On redesigned fake naira notes

I was shocked after reading the report about the fake N1,000 new naira notes given to a Point of Sale (PoS) businessman days ago. This unsavoury incident happened four days after the new naira notes were launched by the President Muhammadu Buhari.

It was that many innocent Nigerians have fallen victim to these unscrupulous, illicit, and callous people who are featured with proverbial red eyes, not conscious or forgetting that the potency of repercussion is quenchless like that of hellfire.

I believe those evil perpetrators will never escape the consequences. In his shrewd apothegm, Victor Webster states that “everything we do, even the slightest we do, can have a ripple effect and repercussions that emanate. If you throw a pebble into the water on one side of the ocean, it can create a tidal wave on other side”.
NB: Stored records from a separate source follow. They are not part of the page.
lemma mixed_disc_pos:
  assumes herm: "hermitian2 a" "hermitian2 c" "adjoint2 b b'" and pos: "block_positive a b c"
  shows "0 < mixed_disc a c - mixed_disc b b'"
proof -
  define Q where "Q = mixed_disc a c - mixed_disc b b'"
  obtain p r where pr: "p > 0" "r > 0" "quad_form a 1 0 = of_real p" "quad_form c 1 0 = of_real r"
    "(cmod (quad_form b 1 0))\<^sup>2 < p * r"
    using block_positive_along_vector[OF pos, of 1 0] by auto
  have a00: "a 0 0 = of_real p" and c00: "c 0 0 = of_real r" and b00: "quad_form b 1 0 = b 0 0"
    using pr by (simp_all add: quad_form_def)
  obtain p' r' where pr': "p' > 0" "r' > 0" "quad_form a (- a 1 0) (a 0 0) = of_real p'"
    "quad_form c (- a 1 0) (a 0 0) = of_real r'" "(cmod (quad_form b (- a 1 0) (a 0 0)))\<^sup>2 < p' * r'"
    using block_positive_along_vector[OF pos, of "- a 1 0" "a 0 0"] a00 pr(1) by auto
  define \<beta> where "\<beta> = quad_form b (- a 1 0) (a 0 0)"
  define y1 where "y1 = b 0 1 * a 0 0 - b 0 0 * a 0 1"
  define y2 where "y2 = b 1 0 * a 0 0 - b 0 0 * a 1 0"
  have Q_real: "Q = of_real (Re Q)"
    using mixed_disc_diff_real[OF herm] unfolding Q_def by (metis of_real_Re)
  have "of_real (p * p * Re Q) = a 0 0 * a 0 0 * Q"
    using a00 Q_real by (metis of_real_mult)
  also have "\<dots> = of_real (p * r' + p' * r - Re (b 0 0 * cnj \<beta> + cnj (b 0 0) * \<beta>)
      + (cmod y1)\<^sup>2 + (cmod y2)\<^sup>2)"
  proof -
    have cross_real: "b 0 0 * cnj \<beta> + cnj (b 0 0) * \<beta> = of_real (Re (b 0 0 * cnj \<beta> + cnj (b 0 0) * \<beta>))"
      by (simp add: complex_eq_iff)
    show ?thesis
      unfolding of_real_add of_real_diff complex_norm_square cross_real[symmetric] Q_def
        mixed_disc_expansion[OF herm] \<beta>_def[symmetric] y1_def[symmetric] y2_def[symmetric]
      using a00 c00 pr'(3,4) by simp
  qed
  finally have expansion: "p * p * Re Q = p * r' + p' * r - Re (b 0 0 * cnj \<beta> + cnj (b 0 0) * \<beta>)
      + (cmod y1)\<^sup>2 + (cmod y2)\<^sup>2"
    using of_real_eq_iff by blast
  have "Re (b 0 0 * cnj \<beta> + cnj (b 0 0) * \<beta>) \<le> 2 * cmod (b 0 0) * cmod \<beta>"
    by (rule Re_mult_cnj_add_le)
  also have "\<dots> < p * r' + p' * r"
    by (rule two_mult_less_cross_sum) (use pr pr' b00 \<beta>_def in auto)
  finally have "p * p * Re Q > 0"
    using expansion zero_le_power2[of "cmod y1"] zero_le_power2[of "cmod y2"] by linarith
  then have "Re Q > 0" using pr(1) by (simp add: zero_less_mult_iff)
  then show ?thesis using Q_real unfolding Q_def complex_pos_iff by blast
qed

section \<open>Forms on C^2\<close>

lemma card_Int_doubleton_eq_1:
  assumes "card (S \<inter> {a, b}) = 1"
  shows "S \<inter> {a, b} = {a} \<or> S \<inter> {a, b} = {b}"
proof -
  obtain x where x: "S \<inter> {a, b} = {x}" using assms by (auto simp: card_1_singleton_iff)
  then have "x = a \<or> x = b" by blast
  then show ?thesis using x by blast
qed

lemma Vpq_2_support:
  assumes "f \<in> Vpq 2 p q" "f S \<noteq> 0"
  shows "S = (S \<inter> {0,1}) \<union> (S \<inter> {2,3})" "card (S \<inter> {0,1}) = p" "card (S \<inter> {2,3}) = q"
proof -
  have ivl: "{..<2::nat} = {0,1}" "{2..<2*2::nat} = {2,3}" "{..<2*2::nat} = {0,1,2,3}" by auto
  show "card (S \<inter> {0,1}) = p" using VpqD(2)[OF assms] unfolding ivl .
  show "card (S \<inter> {2,3}) = q" using VpqD(3)[OF assms] unfolding ivl .
  show "S = (S \<inter> {0,1}) \<union> (S \<inter> {2,3})" using VpqD(1)[OF assms] unfolding ivl by blast
qed

lemma Vpq_1_1_support:
  assumes "f \<in> Vpq 2 1 1" "f S \<noteq> 0"
  shows "S = {0,2} \<or> S = {0,3} \<or> S = {1,2} \<or> S = {1,3}"
proof -
  obtain x y where "S \<inter> {0,1} = {x}" "S \<inter> {2,3} = {y}" and xy: "x = 0 \<or> x = 1" "y = 2 \<or> y = 3"
    using Vpq_2_support(2,3)[OF assms] card_Int_doubleton_eq_1 by metis
  then have "S = {x, y}" using Vpq_2_support(1)[OF assms] by (metis insert_is_Un)
  then show ?thesis using xy by blast
qed

lemma Vpq_1_0_support:
  assumes "f \<in> Vpq 2 1 0" "f S \<noteq> 0"
  shows "S = {0} \<or> S = {1}"
proof -
  obtain x where "S \<inter> {0,1} = {x}" and x: "x = 0 \<or> x = 1"
    using Vpq_2_support(2)[OF assms] card_Int_doubleton_eq_1 by metis
  moreover have "S \<inter> {2,3} = {}" using Vpq_2_support(3)[OF assms] by simp
  ultimately have "S = {x}" using Vpq_2_support(1)[OF assms] by (metis Un_empty_right)
  then show ?thesis using x by blast
qed

lemma Vpq_2_2_support: "f \<in> Vpq 2 2 2 \<Longrightarrow> f S \<noteq> 0 \<Longrightarrow> S = {..<4}"
  using Vpq_n_n_support[of f 2 S] by simp

lemma lessThan_4: "{..<4::nat} = {0,1,2,3}"
  by auto

lemma shuffle_sign_1_1:
  "shuffle_sign {0,2} {1,3} = -1" "shuffle_sign {0,3} {1,2} = 1"
  "shuffle_sign {1,2} {0,3} = 1" "shuffle_sign {1,3} {0,2} = -1"
proof -
  have "{(a, b). a \<in> {0,2::nat} \<and> b \<in> {1,3} \<and> b < a} = {(2,1)}"
    "{(a, b). a \<in> {0,3::nat} \<and> b \<in> {1,2} \<and> b < a} = {(3,1),(3,2)}"
    "{(a, b). a \<in> {1,2::nat} \<and> b \<in> {0,3} \<and> b < a} = {(1,0),(2,0)}"
    "{(a, b). a \<in> {1,3::nat} \<and> b \<in> {0,2} \<and> b < a} = {(1,0),(3,0),(3,2)}"
    by auto
  then show "shuffle_sign {0,2} {1,3} = -1" "shuffle_sign {0,3} {1,2} = 1"
    "shuffle_sign {1,2} {0,3} = 1" "shuffle_sign {1,3} {0,2} = -1"
    by (simp_all add: shuffle_sign_def)
qed

lemma wedge_Vpq_1_1_top:
  assumes f: "f \<in> Vpq 2 1 1"
  shows "wedge f g {..<4} = - f {0,2} * g {1,3} + f {0,3} * g {1,2} + f {1,2} * g {0,3} - f {1,3} * g {0,2}"
proof -
  let ?T = "{0,1,2,3::nat}"
  have "wedge f g ?T = (\<Sum>A\<in>{{0,2},{0,3},{1,2},{1,3}}. shuffle_sign A (?T - A) * f A * g (?T - A))"
    by (rule wedge_eq_sum_subset) (use Vpq_1_1_support[OF f] in auto)
  also have "\<dots> = shuffle_sign {0,2} (?T - {0,2}) * f {0,2} * g (?T - {0,2})
      + shuffle_sign {0,3} (?T - {0,3}) * f {0,3} * g (?T - {0,3})
      + shuffle_sign {1,2} (?T - {1,2}) * f {1,2} * g (?T - {1,2})
      + shuffle_sign {1,3} (?T - {1,3}) * f {1,3} * g (?T - {1,3})"
    by (simp add: doubleton_eq_iff algebra_simps)
  also have "\<dots> = - f {0,2} * g {1,3} + f {0,3} * g {1,2} + f {1,2} * g {0,3} - f {1,3} * g {0,2}"
  proof -
    have diff: "?T - {0,2} = {1,3}" "?T - {0,3} = {1,2}" "?T - {1,2} = {0,3}" "?T - {1,3} = {0,2}"
      by auto
    show ?thesis unfolding diff shuffle_sign_1_1 by simp
  qed
  finally show ?thesis unfolding lessThan_4 .
qed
Nonetheless, if this action is viewed on the contrary side, abject penury might be the cogent reason that propelled those people to engage in such a dastardly act. However, it is ungodly, hurtful, immoral, and punishable under the 1999 Constitution of Nigeria as amended.
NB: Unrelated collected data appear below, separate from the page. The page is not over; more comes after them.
definition lp_optimal ::
  "'a set \<Rightarrow> 'a set set \<Rightarrow> ('a set \<Rightarrow> real) \<Rightarrow> real \<Rightarrow> ('a \<Rightarrow> real) \<Rightarrow> ('a set \<Rightarrow> real) \<Rightarrow> bool" where
  "lp_optimal V E w \<tau> x z \<longleftrightarrow>
     lp_feasible V E w \<tau> x z \<and>
     (\<forall>x' z'. lp_feasible V E w \<tau> x' z' \<longrightarrow> (\<Sum>v\<in>V. x v) \<le> (\<Sum>v\<in>V. x' v))"

end

theory Submission
  imports Defs "HOL-Analysis.Henstock_Kurzweil_Integration"
begin

(* For lam >= 0 and any feasible (x, z), replace z_e by min (1, min_{v in e} x_v) and round
   at a uniform threshold t in [0,1]: the objective sum_v x_v - lam * sum_e w_e z_e is at least
   the average over t of Phi ({v. t <= x_v}, lam), hence at least min Phi (_, lam).  So a convex
   combination of two nested Phi (_, lam)-minimizers satisfying the weight constraint, with
   equality unless lam = 0, is optimal (complementary slackness).
   The multiplier is taken among the crossing points of the lines lam |-> Phi (K, lam) so that
   some minimizer has weight >= tau W and, unless lam = 0, another one has weight < tau W.  As
   Phi (_, lam) is submodular, their union and intersection are nested minimizers that still
   straddle tau W. *)

lemma finite_hyperedges:
  assumes "finite V" "\<forall>e\<in>E. e \<subseteq> V"
  shows "finite E"
  using assms by (meson Pow_iff finite_Pow_iff finite_subset subsetI)

lemma hyp_weight_eq_sum:
  assumes "finite E"
  shows "hyp_weight E w K = (\<Sum>e\<in>E. if e \<subseteq> K then w e else 0)"
  unfolding hyp_weight_def using assms by (simp add: sum.inter_filter)

lemma hyp_weight_mono:
  assumes "finite E" "\<forall>e\<in>E. 0 \<le> w e" "K \<subseteq> K'"
  shows "hyp_weight E w K \<le> hyp_weight E w K'"
  unfolding hyp_weight_eq_sum[OF assms(1)] using assms by (intro sum_mono) auto

lemma hyp_weight_supermodular:
  assumes "finite E" "\<forall>e\<in>E. 0 \<le> w e"
  shows "hyp_weight E w A + hyp_weight E w B \<le> hyp_weight E w (A \<union> B) + hyp_weight E w (A \<inter> B)"
  unfolding hyp_weight_eq_sum[OF assms(1)] sum.distrib[symmetric]
  using assms by (intro sum_mono) auto

lemma Phi_submodular:
  assumes "finite E" "\<forall>e\<in>E. 0 \<le> w e" "0 \<le> lam" "finite A" "finite B"
  shows "Phi E w (A \<union> B) lam + Phi E w (A \<inter> B) lam \<le> Phi E w A lam + Phi E w B lam"
proof -
  have "real (card (A \<union> B)) + real (card (A \<inter> B)) = real (card A) + real (card B)"
    using card_Un_Int[OF assms(4,5)] by simp
  moreover have "lam * (hyp_weight E w A + hyp_weight E w B)
      \<le> lam * (hyp_weight E w (A \<union> B) + hyp_weight E w (A \<inter> B))"
    using hyp_weight_supermodular[OF assms(1,2)] assms(3) by (rule mult_left_mono)
  ultimately show ?thesis unfolding Phi_def by (simp add: algebra_simps)
qed

definition Phi_minimizer :: "'a set \<Rightarrow> 'a set set \<Rightarrow> ('a set \<Rightarrow> real) \<Rightarrow> real \<Rightarrow> 'a set \<Rightarrow> bool" where
  "Phi_minimizer V E w lam K \<longleftrightarrow> K \<subseteq> V \<and> (\<forall>K'\<subseteq>V. Phi E w K lam \<le> Phi E w K' lam)"

lemma Phi_minimizer_Un_Int:
  assumes "finite V" "finite E" "\<forall>e\<in>E. 0 \<le> w e" "0 \<le> lam"
    and A: "Phi_minimizer V E w lam A" and B: "Phi_minimizer V E w lam B"
  shows "Phi_minimizer V E w lam (A \<union> B)" and "Phi_minimizer V E w lam (A \<inter> B)"
proof -
  have AB: "A \<union> B \<subseteq> V" "A \<inter> B \<subseteq> V" and "finite A" "finite B"
    using assms(1) A B finite_subset unfolding Phi_minimizer_def by auto
  then have sub: "Phi E w (A \<union> B) lam + Phi E w (A \<inter> B) lam \<le> Phi E w A lam + Phi E w B lam"
    by (intro Phi_submodular assms(2-4))
  have "Phi E w A lam \<le> Phi E w (A \<inter> B) lam" "Phi E w B lam \<le> Phi E w (A \<union> B) lam"
    using A B AB unfolding Phi_minimizer_def by blast+
  with sub have "Phi E w (A \<union> B) lam \<le> Phi E w B lam" "Phi E w (A \<inter> B) lam \<le> Phi E w A lam"
    by linarith+
  with A B AB show "Phi_minimizer V E w lam (A \<union> B)" "Phi_minimizer V E w lam (A \<inter> B)"
    unfolding Phi_minimizer_def by (blast intro: order_trans)+
qed

lemma exists_multiplier_minimizers_straddle:
  fixes a b :: "'k \<Rightarrow> real"
  assumes finF: "finite F" and K0: "K0 \<in> F" "\<theta> \<le> b K0"
  defines "minimizer lam K \<equiv> K \<in> F \<and> (\<forall>K'\<in>F. a K - lam * b K \<le> a K' - lam * b K')"
  shows "\<exists>lam\<ge>0. \<exists>KA. minimizer lam KA \<and> \<theta> \<le> b KA \<and>
           (lam = 0 \<or> (\<exists>KB. minimizer lam KB \<and> b KB < \<theta>))"
proof -
  define A where "A = {K\<in>F. \<theta> \<le> b K}"
  define B where "B = {K\<in>F. b K < \<theta>}"
  \<comment> \<open>the multiplier at which the lines of \<open>K\<close> and \<open>K'\<close> cross\<close>
  define c where "c K K' = (a K - a K') / (b K - b K')" for K K'
  define r where "r K = Max (c K ` B)" for K
  \<comment> \<open>the least multiplier \<open>\<ge> 0\<close> at which some \<open>K \<in> A\<close> beats every \<open>K' \<in> B\<close>\<close>
  define lam where "lam = (if B = {} then 0 else max 0 (Min (r ` A)))"
  have finA: "finite A" and finB: "finite B" and K0A: "K0 \<in> A"
    unfolding A_def B_def using finF K0 by auto
  have lam0: "0 \<le> lam" unfolding lam_def by auto
  have cross: "a K - lam * b K \<le> a K' - lam * b K'"
    if "K \<in> A" "K' \<in> B" "c K K' \<le> lam" for K K'
  proof -
    have "b K' < b K" using that unfolding A_def B_def by auto
    then show ?thesis using that(3) unfolding c_def by (simp add: divide_le_eq algebra_simps)
  qed
  obtain G where G: "minimizer lam G"
    using ex_is_arg_min_if_finite[OF finF, of "\<lambda>K. a K - lam * b K"] K0
    unfolding minimizer_def is_arg_min_linorder by blast
  obtain KA where KA: "minimizer lam KA" "KA \<in> A"
  proof (cases "G \<in> A")
    case True
    then show ?thesis using that G by blast
  next
    case False
    then have GB: "G \<in> B" using G unfolding minimizer_def A_def B_def by auto
    obtain K1 where K1: "K1 \<in> A" "r K1 = Min (r ` A)"
    proof -
      have "Min (r ` A) \<in> r ` A" using finA K0A by (intro Min_in) auto
      then show ?thesis using that by auto
    qed
    have "c K1 G \<le> r K1" unfolding r_def using finB GB by (intro Max_ge) auto
    also have "r K1 \<le> lam" unfolding lam_def using GB K1 by auto
    finally have "minimizer lam K1"
      using cross[OF K1(1) GB] G K1(1) unfolding minimizer_def A_def by force
    then show ?thesis using that K1(1) by blast
  qed
  have "lam = 0" if none: "\<not> (\<exists>KB. minimizer lam KB \<and> b KB < \<theta>)"
  proof (rule ccontr)
    assume "lam \<noteq> 0"
    then have Bne: "B \<noteq> {}" and lam_eq: "lam = Min (r ` A)"
      unfolding lam_def by (auto split: if_splits)
    have "c KA K' < lam" if K': "K' \<in> B" for K'
    proof -
      have "\<not> minimizer lam K'" using none K' unfolding B_def by auto
      then have "a KA - lam * b KA < a K' - lam * b K'"
        using KA(1) K' unfolding minimizer_def B_def by force
      moreover have "b K' < b KA" using K' KA(2) unfolding A_def B_def by auto
      ultimately show ?thesis unfolding c_def by (simp add: divide_less_eq algebra_simps)
    qed
    then have "r KA < lam" unfolding r_def using finB Bne by (subst Max_less_iff) auto
    moreover have "lam \<le> r KA" unfolding lam_eq using finA KA(2) by auto
    ultimately show False by simp
  qed
  then show ?thesis using lam0 KA unfolding A_def by blast
qed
Last month, during the launch of the new naira notes (N200, N500, N1000) at the Council Chambers of the Presidential Villa, Abuja, the Governor of Central Bank of Nigeria (CBN), Godwin Emefiele, reportedly said that the reasons behind the change of naira notes is mainly to stem corrupt practices and eliminate counterfeited naira notes. Unfortunately, the counterfeiting of the new naira notes has made nonsense of this effort. 
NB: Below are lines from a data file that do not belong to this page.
lemma set_borel_measurable_L2_cube_mult:
  assumes "f \<in> L2_cube" and [measurable]: "h \<in> borel_measurable borel"
  shows "set_borel_measurable lborel unit_cube (\<lambda>x. f x * h x)"
proof -
  have [measurable]: "(\<lambda>x. indicator unit_cube x *\<^sub>R f x) \<in> borel_measurable lborel"
    using assms(1) by (simp add: L2_cube_def set_borel_measurable_def)
  have "(\<lambda>x. (indicator unit_cube x *\<^sub>R f x) * h x) \<in> borel_measurable lborel"
    by measurable
  then show ?thesis
    by (simp add: set_borel_measurable_def mult.assoc)
qed

lemma set_integrable_L2_cube:
  assumes "f \<in> L2_cube"
  shows "set_integrable lborel unit_cube f"
proof (rule set_integrable_bound)
  have "set_integrable lborel unit_cube (\<lambda>_. 1 :: real)"
    unfolding set_integrable_def unit_cube_def
    by (simp add: emeasure_lborel_cbox_finite)
  then show "set_integrable lborel unit_cube (\<lambda>x. 1 + (cmod (f x))\<^sup>2)"
    using assms by (intro set_integral_add) (simp_all add: L2_cube_def)
  show "set_borel_measurable lborel unit_cube f"
    using assms by (simp add: L2_cube_def)
  have "t \<le> 1 + t\<^sup>2" for t :: real
    using zero_le_power2[of "t - 1"] zero_le_power2[of t] unfolding power2_diff power_one mult_1_right by linarith
  then show "AE x in lborel. x \<in> unit_cube \<longrightarrow> norm (f x) \<le> norm (1 + (cmod (f x))\<^sup>2)"
    by simp
qed

lemma set_integrable_L2_cube_mult_bounded:
  assumes "f \<in> L2_cube" "h \<in> borel_measurable borel" "\<And>x. norm (h x) \<le> B"
  shows "set_integrable lborel unit_cube (\<lambda>x. f x * h x)"
proof (rule set_integrable_bound)
  show "set_integrable lborel unit_cube (\<lambda>x. complex_of_real B * f x)"
    using set_integrable_L2_cube[OF assms(1)] by simp
  show "set_borel_measurable lborel unit_cube (\<lambda>x. f x * h x)"
    by (rule set_borel_measurable_L2_cube_mult[OF assms(1,2)])
  have "0 \<le> B"
    using assms(3) norm_ge_zero order_trans by blast
  have "norm (f x * h x) \<le> norm (complex_of_real B * f x)" for x
    using mult_left_mono[OF assms(3)[of x], of "norm (f x)"] \<open>0 \<le> B\<close> by (simp add: norm_mult mult.commute)
  then show "AE x in lborel. x \<in> unit_cube \<longrightarrow> norm (f x * h x) \<le> norm (complex_of_real B * f x)"
    by simp
qed

lemma L2_cube_mult_bounded:
  assumes "f \<in> L2_cube" "h \<in> borel_measurable borel" "\<And>x. norm (h x) \<le> B"
  shows "(\<lambda>x. f x * h x) \<in> L2_cube"
proof -
  have "set_integrable lborel unit_cube (\<lambda>x. (cmod (f x * h x))\<^sup>2)"
  proof (rule set_integrable_bound)
    show "set_integrable lborel unit_cube (\<lambda>x. B\<^sup>2 * (cmod (f x))\<^sup>2)"
      using assms(1) by (simp add: L2_cube_def)
    have "(\<lambda>x. (norm (indicator unit_cube x *\<^sub>R (f x * h x)))\<^sup>2) \<in> borel_measurable lborel"
      using set_borel_measurable_L2_cube_mult[OF assms(1,2)]
      unfolding set_borel_measurable_def by measurable
    moreover have "(\<lambda>x. (norm (indicator unit_cube x *\<^sub>R (f x * h x)))\<^sup>2)
        = (\<lambda>x. indicator unit_cube x *\<^sub>R (cmod (f x * h x))\<^sup>2)"
      by (auto simp: indicator_def)
    ultimately show "set_borel_measurable lborel unit_cube (\<lambda>x. (cmod (f x * h x))\<^sup>2)"
      by (simp add: set_borel_measurable_def)
    have "(cmod (f x * h x))\<^sup>2 \<le> B\<^sup>2 * (cmod (f x))\<^sup>2" for x
      using mult_left_mono[OF assms(3)[of x], of "norm (f x)"]
      by (simp add: norm_mult power_mult_distrib[symmetric] mult.commute power_mono)
    then show "AE x in lborel. x \<in> unit_cube \<longrightarrow>
        norm ((cmod (f x * h x))\<^sup>2) \<le> norm (B\<^sup>2 * (cmod (f x))\<^sup>2)"
      by simp
  qed
  then show ?thesis
    using set_borel_measurable_L2_cube_mult[OF assms(1,2)] by (simp add: L2_cube_def)
qed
In the space of four days, the new notes were launched, some unscrupulous Nigerians proved their corrupt act by reproducing fake ones. Although, the Central Bank of Nigeria has unveiled the  features of the new naira notes to the general public, but how many people will still know the differences? Solving problem, to create another.

It is high time the federal government took swifter action by arresting and prosecuting those evil perpetrators spending counterfeited naira notes before it goes haywire or becomes routine action. The earlier, the better.